Use VeraCrypt without using user password

Stephan Wijman -

Introduction

VeraCrypt is a free open source disk encryption software for Windows, Mac OSX and Linux.

VeraCrypt main features:

  • Creates a virtual encrypted disk within a file and mounts it as a real disk.
  • Encrypts an entire partition or storage device such as USB flash drive or hard drive.
  • Encrypts a partition or drive where Windows is installed (pre-boot authentication).
  • Encryption is automatic, real-time(on-the-fly) and transparent.
  • Parallelization and pipelining allow data to be read and written as fast as if the drive was not encrypted.
  • Encryption can be hardware-accelerated on modern processors.
  • Provides plausible deniability, in case an adversary forces you to reveal the password: Hidden volume (steganography) and hidden operating system.

Using VeraCrypt with Linux

When you use the VeraCrypt GUI, and mount an encrypted volume, it will require to provide each time the user password to elevate VeraCrypt to be able to mount the volume.
To avoid this from happening the steps below will provide with a mechanism where this isn't required anymore. All the steps below require sudo rights to execute.

Install sudo package

To be able to use this steps the sudo package is required. Check with the following command if the package is already installed:

dpkg -l | grep sudo

If there is no output then the package hasn't been installed yet. Install it with:

sudo apt install sudo -y

Create VeraCrypt group

Best practise is to have a separate user group so individual users can be linked to it, without providing them with full sudo rights.
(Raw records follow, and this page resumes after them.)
lemma ode_solution_continuous: "ode_solution u v \<Longrightarrow> continuous_on UNIV u"
  unfolding ode_solution_def
  by (meson continuous_at_imp_continuous_on has_vector_derivative_continuous)

lemma ode_solution_imp_on:
  assumes "ode_solution u v"
  shows "ode_solution_on L u v"
proof -
  obtain E where "\<And>x. (u has_vector_derivative v x) (at x)" and "continuous_on UNIV v"
    and "locfin E" and "\<And>x. x \<notin> E \<Longrightarrow> (v has_vector_derivative p x * v x + q x * u x) (at x)"
    using assms unfolding ode_solution_def by blast
  moreover have "continuous_on UNIV u"
    using assms by (rule ode_solution_continuous)
  ultimately show ?thesis
    unfolding ode_solution_on_def
    by (intro conjI exI[of _ "E \<inter> {0..L}"]) (auto intro: continuous_on_subset locfin_finite)
qed

lemma ode_solution_lincomb:
  assumes "ode_solution u1 v1" and "ode_solution u2 v2"
  shows "ode_solution (\<lambda>x. a * u1 x + b * u2 x) (\<lambda>x. a * v1 x + b * v2 x)"
proof -
  obtain E1 where u1': "\<And>x. (u1 has_vector_derivative v1 x) (at x)" and "continuous_on UNIV v1"
    and E1: "locfin E1" and v1': "\<And>x. x \<notin> E1 \<Longrightarrow> (v1 has_vector_derivative p x * v1 x + q x * u1 x) (at x)"
    using assms(1) unfolding ode_solution_def by blast
  obtain E2 where u2': "\<And>x. (u2 has_vector_derivative v2 x) (at x)" and "continuous_on UNIV v2"
    and E2: "locfin E2" and v2': "\<And>x. x \<notin> E2 \<Longrightarrow> (v2 has_vector_derivative p x * v2 x + q x * u2 x) (at x)"
    using assms(2) unfolding ode_solution_def by blast
  have "((\<lambda>x. a * u1 x + b * u2 x) has_vector_derivative a * v1 x + b * v2 x) (at x)" for x
    using u1'[of x] u2'[of x] by (auto intro!: derivative_eq_intros)
  moreover have "continuous_on UNIV (\<lambda>x. a * v1 x + b * v2 x)"
    by (intro continuous_intros) fact+
  moreover have "((\<lambda>x. a * v1 x + b * v2 x) has_vector_derivative
      p x * (a * v1 x + b * v2 x) + q x * (a * u1 x + b * u2 x)) (at x)" if "x \<notin> E1 \<union> E2" for x
    using v1'[of x] v2'[of x] that
    by (auto intro!: derivative_eq_intros simp: algebra_simps)
  ultimately show ?thesis
    unfolding ode_solution_def using locfin_Un[OF E1 E2] by blast
qed

lemma ode_solution_on_lincomb:
  assumes "ode_solution_on L u1 v1" and "ode_solution_on L u2 v2"
  shows "ode_solution_on L (\<lambda>x. a * u1 x + b * u2 x) (\<lambda>x. a * v1 x + b * v2 x)"
proof -
  obtain S1 where "continuous_on {0..L} u1" "continuous_on {0..L} v1" "finite S1"
    and u1': "\<And>x. x \<in> {0<..<L} - S1 \<Longrightarrow> (u1 has_vector_derivative v1 x) (at x)"
    and v1': "\<And>x. x \<in> {0<..<L} - S1 \<Longrightarrow> (v1 has_vector_derivative p x * v1 x + q x * u1 x) (at x)"
    using assms(1) unfolding ode_solution_on_def by blast
  moreover obtain S2 where "continuous_on {0..L} u2" "continuous_on {0..L} v2" "finite S2"
    and u2': "\<And>x. x \<in> {0<..<L} - S2 \<Longrightarrow> (u2 has_vector_derivative v2 x) (at x)"
    and v2': "\<And>x. x \<in> {0<..<L} - S2 \<Longrightarrow> (v2 has_vector_derivative p x * v2 x + q x * u2 x) (at x)"
    using assms(2) unfolding ode_solution_on_def by blast
  moreover have "((\<lambda>x. a * u1 x + b * u2 x) has_vector_derivative a * v1 x + b * v2 x) (at x) \<and>
      ((\<lambda>x. a * v1 x + b * v2 x) has_vector_derivative
        p x * (a * v1 x + b * v2 x) + q x * (a * u1 x + b * u2 x)) (at x)"
    if "x \<in> {0<..<L} - (S1 \<union> S2)" for x
    using u1'[of x] v1'[of x] u2'[of x] v2'[of x] that
    by (auto intro!: derivative_eq_intros simp: algebra_simps)
  ultimately show ?thesis
    unfolding ode_solution_on_def by (intro conjI exI[of _ "S1 \<union> S2"] continuous_intros) auto
qed

lemma system_rhs_absolutely_integrable:
  assumes "continuous_on {a..b} u" and "continuous_on {a..b} v"
  shows "(\<lambda>s. p s * v s + q s * u s) absolutely_integrable_on {a..b}"
proof (rule set_integral_add(1))
  show "(\<lambda>s. p s * v s) absolutely_integrable_on {a..b}"
    by (intro absolutely_integrable_continuous_real continuous_intros assms(2)
        continuous_on_subset[OF p_continuous]) simp
  show "(\<lambda>s. q s * u s) absolutely_integrable_on {a..b}"
    using absolutely_integrable_continuous_mult[OF q_integrable assms(1)] by (simp add: mult.commute)
qed

lemma system_rhs_integrable:
  "continuous_on {a..b} u \<Longrightarrow> continuous_on {a..b} v \<Longrightarrow> (\<lambda>s. p s * v s + q s * u s) integrable_on {a..b}"
  using system_rhs_absolutely_integrable by (simp add: absolutely_integrable_on_def)

lemma ode_solution_on_has_integral:
  assumes "ode_solution_on L u v" and x: "x \<in> {0..L}"
  shows "(v has_integral (u x - u 0)) {0..x}"
    and "((\<lambda>s. p s * v s + q s * u s) has_integral (v x - v 0)) {0..x}"
proof -
  obtain S where "continuous_on {0..L} u" "continuous_on {0..L} v" and S: "finite S"
    and "\<And>y. y \<in> {0<..<L} - S \<Longrightarrow> (u has_vector_derivative v y) (at y)"
    and "\<And>y. y \<in> {0<..<L} - S \<Longrightarrow> (v has_vector_derivative p y * v y + q y * u y) (at y)"
    using assms(1) unfolding ode_solution_on_def by blast
  moreover have "{0..x} \<subseteq> {0..L}" "{0<..<x} - S \<subseteq> {0<..<L} - S"
    using x by auto
  ultimately show "(v has_integral (u x - u 0)) {0..x}"
    and "((\<lambda>s. p s * v s + q s * u s) has_integral (v x - v 0)) {0..x}"
    using x by (auto intro!: fundamental_theorem_of_calculus_interior_strong[OF S]
        intro: continuous_on_subset)
qed

definition weight :: "real \<Rightarrow> real" where
  "weight s = 1 + norm (p s) + norm (q s)"

lemma weight_nonneg: "0 \<le> weight s"
  by (simp add: weight_def)

lemma weight_isCont: "x \<notin> D \<Longrightarrow> isCont weight x"
  unfolding weight_def using q_isCont p_isCont by (intro continuous_intros) auto

lemma weight_absolutely_integrable: "weight absolutely_integrable_on {a..b}"
proof -
  have "(\<lambda>s. 1 + norm (p s)) absolutely_integrable_on {a..b}"
    by (intro absolutely_integrable_continuous_real continuous_intros
        continuous_on_subset[OF p_continuous]) simp
  moreover have "(\<lambda>s. norm (q s)) absolutely_integrable_on {a..b}"
    using absolutely_integrable_norm[OF q_integrable] by (simp add: o_def)
  ultimately show ?thesis
    unfolding weight_def by (rule set_integral_add(1))
qed

lemma weight_integrable: "weight integrable_on {a..b}"
  using weight_absolutely_integrable by (simp add: absolutely_integrable_on_def)

lemma weight_mult_integrable:
  assumes "continuous_on {a..b} n"
  shows "(\<lambda>s. weight s * n s) integrable_on {a..b}"
  using absolutely_integrable_continuous_mult[OF weight_absolutely_integrable assms]
  by (simp add: absolutely_integrable_on_def mult.commute)

lemma norm_system_rhs_le:
  assumes "norm v \<le> c" and "norm u \<le> c"
  shows "norm (p s * v + q s * u) \<le> weight s * c"
proof -
  have "norm (p s * v + q s * u) \<le> norm (p s) * norm v + norm (q s) * norm u"
    by (metis norm_mult norm_triangle_ineq)
  also have "\<dots> \<le> norm (p s) * c + norm (q s) * c"
    using assms by (intro add_mono mult_left_mono) auto
  also have "\<dots> \<le> weight s * c"
  proof -
    have "0 \<le> c"
      using assms(1) norm_ge_zero[of v] by linarith
    then show ?thesis
      by (simp add: weight_def algebra_simps)
  qed
  finally show ?thesis .
qed

lemma norm_integrals_system_le:
  assumes u: "continuous_on {0..y} u" and v: "continuous_on {0..y} v"
  shows "norm (integral {0..y} v) + norm (integral {0..y} (\<lambda>s. p s * v s + q s * u s))
     \<le> integral {0..y} (\<lambda>s. weight s * (norm (u s) + norm (v s)))"
proof -
  have v_abs: "v absolutely_integrable_on {0..y}"
    by (rule absolutely_integrable_continuous_real[OF v])
  note rhs_abs = system_rhs_absolutely_integrable[OF u v]
  have "norm (integral {0..y} v) + norm (integral {0..y} (\<lambda>s. p s * v s + q s * u s))
      \<le> integral {0..y} (\<lambda>s. norm (v s)) + integral {0..y} (\<lambda>s. norm (p s * v s + q s * u s))"
    using v_abs rhs_abs
    by (intro add_mono integral_norm_bound_integral) (auto simp: absolutely_integrable_on_def)
  also have "\<dots> = integral {0..y} (\<lambda>s. norm (v s) + norm (p s * v s + q s * u s))"
    using v_abs rhs_abs by (intro integral_add[symmetric]) (auto simp: absolutely_integrable_on_def)
  also have "\<dots> \<le> integral {0..y} (\<lambda>s. weight s * (norm (u s) + norm (v s)))"
  proof (rule integral_le)
    show "(\<lambda>s. norm (v s) + norm (p s * v s + q s * u s)) integrable_on {0..y}"
      using v_abs rhs_abs
      by (intro Henstock_Kurzweil_Integration.integrable_add) (auto simp: absolutely_integrable_on_def)
    show "(\<lambda>s. weight s * (norm (u s) + norm (v s))) integrable_on {0..y}"
      by (intro weight_mult_integrable continuous_intros u v)
    show "norm (v s) + norm (p s * v s + q s * u s) \<le> weight s * (norm (u s) + norm (v s))" for s
    proof -
      have "norm (p s * v s + q s * u s) \<le> norm (p s) * norm (v s) + norm (q s) * norm (u s)"
        by (metis norm_mult norm_triangle_ineq)
      moreover have "weight s * (norm (u s) + norm (v s)) = norm (v s) + norm (p s) * norm (v s)
          + norm (q s) * norm (u s) + (norm (u s) + norm (p s) * norm (u s) + norm (q s) * norm (v s))"
        by (simp add: weight_def algebra_simps)
      moreover have "0 \<le> norm (u s) + norm (p s) * norm (u s) + norm (q s) * norm (v s)"
        by simp
      ultimately show ?thesis
        by linarith
    qed
  qed
  finally show ?thesis .
qed

lemma ode_solution_on_unique:
  assumes sol: "ode_solution_on L u v" and u0: "u 0 = 0" and v0: "v 0 = 0" and x: "x \<in> {0..L}"
  shows "u x = 0 \<and> v x = 0"
proof -
  obtain S where u: "continuous_on {0..L} u" and v: "continuous_on {0..L} v"
    using sol unfolding ode_solution_on_def by blast
  define n where "n s = norm (u s) + norm (v s)" for s
  have n_cont: "continuous_on {0..L} n"
    unfolding n_def by (intro continuous_intros u v)
  have "n y \<le> integral {0..y} (\<lambda>s. weight s * n s)" if y: "y \<in> {0..L}" for y
  proof -
    have "u y = integral {0..y} v" "v y = integral {0..y} (\<lambda>s. p s * v s + q s * u s)"
      using ode_solution_on_has_integral[OF sol y] u0 v0 by (simp_all add: integral_unique)
    moreover have "continuous_on {0..y} u" "continuous_on {0..y} v"
      using y u v by (auto intro: continuous_on_subset)
    ultimately show ?thesis
      unfolding n_def using norm_integrals_system_le[of y u v] by simp
  qed
  then have "n x = 0"
    using x n_cont weight_integrable weight_nonneg locfin_finite[OF locfin_D] weight_isCont
      weight_mult_integrable[OF n_cont]
    by (intro gronwall_zero[where S="D \<inter> {0..L}"]) (auto simp: n_def)
  then show ?thesis
    by (simp add: n_def add_nonneg_eq_0_iff)
qed

lemma ode_solution_on_wronskian:
  assumes sol1: "ode_solution_on L u1 v1" and sol2: "ode_solution_on L u2 v2" and L: "0 \<le> L"
  shows "u1 L * v2 L - v1 L * u2 L = (u1 0 * v2 0 - v1 0 * u2 0) * exp (integral {0..L} p)"
proof -
  obtain S1 where c1: "continuous_on {0..L} u1" "continuous_on {0..L} v1" and S1: "finite S1"
    and d1: "\<And>y. y \<in> {0<..<L} - S1 \<Longrightarrow> (u1 has_vector_derivative v1 y) (at y)"
      "\<And>y. y \<in> {0<..<L} - S1 \<Longrightarrow> (v1 has_vector_derivative p y * v1 y + q y * u1 y) (at y)"
    using sol1 unfolding ode_solution_on_def by blast
  obtain S2 where c2: "continuous_on {0..L} u2" "continuous_on {0..L} v2" and S2: "finite S2"
    and d2: "\<And>y. y \<in> {0<..<L} - S2 \<Longrightarrow> (u2 has_vector_derivative v2 y) (at y)"
      "\<And>y. y \<in> {0<..<L} - S2 \<Longrightarrow> (v2 has_vector_derivative p y * v2 y + q y * u2 y) (at y)"
    using sol2 unfolding ode_solution_on_def by blast
  define P where "P y = integral {0..y} p" for y
  define w where "w y = u1 y * v2 y - v1 y * u2 y" for y
  define H where "H y = exp (- P y) * w y" for y
  have p_int: "p integrable_on {0..L}"
    by (intro integrable_continuous_real continuous_on_subset[OF p_continuous]) simp
  have "continuous_on {0..L} H"
    unfolding H_def w_def P_def
    by (intro continuous_intros c1 c2 indefinite_integral_continuous_1 p_int)
  moreover have "(H has_vector_derivative 0) (at y)" if y: "y \<in> {0<..<L} - (S1 \<union> S2)" for y
  proof -
    have "(P has_vector_derivative p y) (at y)"
      unfolding P_def using y p_isCont by (intro integral_has_vector_derivative_at[OF p_int]) auto
    then have "((\<lambda>y. exp (- P y)) has_vector_derivative - p y * exp (- P y)) (at y)"
      by (intro has_vector_derivative_cexp derivative_intros)
    then have "(H has_vector_derivative exp (- P y) *
        (u1 y * (p y * v2 y + q y * u2 y) + v1 y * v2 y - (v1 y * v2 y + (p y * v1 y + q y * u1 y) * u2 y))
        + - p y * exp (- P y) * w y) (at y)"
      unfolding H_def w_def using y d1[of y] d2[of y]
      by (auto intro!: derivative_eq_intros)
    then show ?thesis
      by (simp add: w_def algebra_simps)
  qed
  ultimately have "((\<lambda>y. 0) has_integral (H L - H 0)) {0..L}"
    using S1 S2 L by (intro fundamental_theorem_of_calculus_interior_strong[of "S1 \<union> S2"]) auto
  then have "H L = H 0"
    using has_integral_unique[OF _ has_integral_0] by fastforce
  then have "w L = w 0 * exp (P L)"
    by (simp add: H_def P_def exp_minus field_simps)
  then show ?thesis
    by (simp add: w_def P_def)
qed

definition cumulative_weight :: "real \<Rightarrow> real" where
  "cumulative_weight x = integral {0..x} weight"

lemma cumulative_weight_continuous: "continuous_on {0..L} cumulative_weight"
  unfolding cumulative_weight_def by (rule indefinite_integral_continuous_1[OF weight_integrable])

lemma cumulative_weight_nonneg: "0 \<le> cumulative_weight x"
  unfolding cumulative_weight_def by (rule integral_nonneg[OF weight_integrable weight_nonneg])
First create the new group:

sudo groupadd veracrypt

Then modify the required user(s) to join the group:

sudo usermod -aG veracrypt <username>

Provide sudo config for passwordless execution of veracrypt

These steps tell sudo that any user part of the veracrypt group is allowed to execute the veracrypt executable without password.
For this we need to edit /etc/sudoers. We do this with the following command:

sudoedit /etc/sudoers

Then add the following line below the existing sudo group line:

%veracrypt ALL=(root) NOPASSWD:/usr/bin/veracrypt

It will then look like this:

# Allow members of group sudo to execute any command
%sudo   ALL=(ALL:ALL) ALL
%veracrypt ALL=(root) NOPASSWD:/usr/bin/veracrypt

Modify Desktop GUI menu entry

Unfortunately VeraCrypt will still ask for the user password due to the sudo implementation. To avoid this the additional argument --use-dummy-sudo-password which will verify if sudo requires password authentication.
These steps will differ from each desktop environment (GNOME, KDE, etc) so the screenshots below are a reference only.

Open the main menu item editor:

Select the VeraCrypt item and edit the properties:

Select the command field:

Append after the command the --use-dummy-sudo-password argument:

Now save the changes and with all the steps done VeraCrypt won't ask for the user password anymore when mounting a volume.

NOTE: If the current user is added to the veracrypt group but hasn't logged out and back in again the group setting won't have been updated.